Com o objetivo de ampliar a agricultura orgânica e sua eficácia produtiva, o Laboratório de Agricultura Orgânica, que integra o Núcleo de Inovação e Desenvolvimento da Agricultura Sustentável, valida insumos alternativos usados em áreas agrícolas da região.

A equipe do laboratório se dedica a testar e aprimorar insumos orgânicos. Compostagem, extratos e fermentados vegetais são analisados e testados pela equipe do laboratório, que confirma se os produtos estão dentro das normas necessárias para a agricultura orgânica. A professora Valdirene Camatti Sartori, que está à frente do trabalho, explica que a validação dos insumos auxilia os produtores a alcançar maior produtividade em suas plantações. Muitas falhas em adubação de culturas regionais já foram sanadas graças aos resultados das pesquisas.

Além das pesquisas com insumos, o laboratório também se dedica a conscientizar sobre o uso de agrotóxicos. A equipe da professora Valdirene está à frente da organização do único evento da região serrana com o objetivo de discutir alternativas de desenvolvimento para a agroecologia.
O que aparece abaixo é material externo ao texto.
lemma is_lens_induced_lens: "is_lens C D (induced_lens B E G K)" (is "is_lens C D ?K")
  unfolding is_lens_def
proof (intro conjI ballI impI)
  show "is_functor C D ?K"
    using functor_K by (simp add: is_functor_def)
next
  fix c d assume "c \<in> Obj C" and d: "d \<in> Arr D" "Dom D d = fobj ?K c"
  then obtain b where b: "b \<in> Obj B" "c = fobj E b" and dG: "Dom D d = fobj G b"
    using K_E_obj by (metis obj_C_imageE fobj_induced_lens)
  have "put G b d \<in> Arr B" "Dom B (put G b d) = b" "farr G (put G b d) = d"
    using lens_put[OF lens_G b(1) d(1) dG] by simp_all
  then show "put ?K c d \<in> Arr C" "Dom C (put ?K c d) = c" "farr ?K (put ?K c d) = d"
    using put_induced_lens[OF b(1) d(1) dG] functor_arr[OF functor_E] K_E_arr b(2) by simp_all
next
  fix c assume "c \<in> Obj C"
  then obtain b where b: "b \<in> Obj B" "c = fobj E b"
    by (rule obj_C_imageE)
  have "fobj G b \<in> Obj D"
    using functor_obj[OF functor_G b(1)] .
  then have "put ?K c (Idt D (fobj ?K c)) = farr E (put G b (Idt D (fobj G b)))"
    using put_induced_lens[OF b(1)] category_idt[OF cat_D] K_E_obj[OF b(1)] b(2) by simp
  also have "\<dots> = Idt C c"
    using lens_put_id[OF lens_G b(1)] functor_id[OF functor_E b(1)] b(2) by simp
  finally show "put ?K c (Idt D (fobj ?K c)) = Idt C c" .
next
  fix c d d' assume "c \<in> Obj C" and d: "d \<in> Arr D" "d' \<in> Arr D" "Dom D d = fobj ?K c"
    and d': "Dom D d' = fobj ?K (Cod C (put ?K c d))"
  then obtain b where b: "b \<in> Obj B" "c = fobj E b" and dG: "Dom D d = fobj G b"
    using K_E_obj by (metis obj_C_imageE fobj_induced_lens)
  define p where "p = put G b d"
  have p: "p \<in> Arr B" "Dom B p = b" "farr G p = d"
    using lens_put[OF lens_G b(1) d(1) dG] by (simp_all add: p_def)
  then have "Cod D d = fobj G (Cod B p)"
    using functor_arr[OF functor_G] by metis
  have b': "Cod B p \<in> Obj B"
    using category_cod[OF cat_B p(1)] .
  have put_c: "put ?K c d = farr E p"
    using put_induced_lens[OF b(1) d(1) dG] b(2) by (simp add: p_def)
  then have cod: "Cod C (put ?K c d) = fobj E (Cod B p)"
    using functor_arr[OF functor_E p(1)] by simp
  then have dG': "Dom D d' = fobj G (Cod B p)"
    using d' K_E_obj[OF b'] by simp
  have "put ?K c (Cmp D d' d) = farr E (Cmp B (put G (Cod B p) d') p)"
    using put_induced_lens[OF b(1)] category_cmp[OF cat_D d(1,2)] \<open>Cod D d = fobj G (Cod B p)\<close>
      dG dG' lens_put_cmp[OF lens_G b(1) d(1,2) dG] b(2)
    by (simp add: p_def)
  also have "\<dots> = Cmp C (farr E (put G (Cod B p) d')) (farr E p)"
    using functor_cmp[OF functor_E p(1)] lens_put[OF lens_G b' d(2) dG'] by simp
  also have "\<dots> = Cmp C (put ?K (Cod C (put ?K c d)) d') (put ?K c d)"
    using put_induced_lens[OF b' d(2) dG'] cod put_c by simp
  finally show "put ?K c (Cmp D d' d) = Cmp C (put ?K (Cod C (put ?K c d)) d') (put ?K c d)" .
qed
Trata-se do 5º Encontro Caxiense para o Desenvolvimento da Agricultura Orgânica e Sustentável, realizado de 2014 juntamente com e 3ª Reunião Sul Brasileira sobre Agricultura Sustentável.

"Por que hoje há mais incidência de câncer e de intolerâncias alimentares nas pessoas? Isso não acontece do nada. O trabalho tenta mostrar para os agricultores que há alternativas mais saudáveis. Eles são receptivos às ideias, mas ainda têm medo de perder a produção por desconhecerem os métodos alternativos utilizados na produção de alimentos orgânicos", destaca a pesquisadora.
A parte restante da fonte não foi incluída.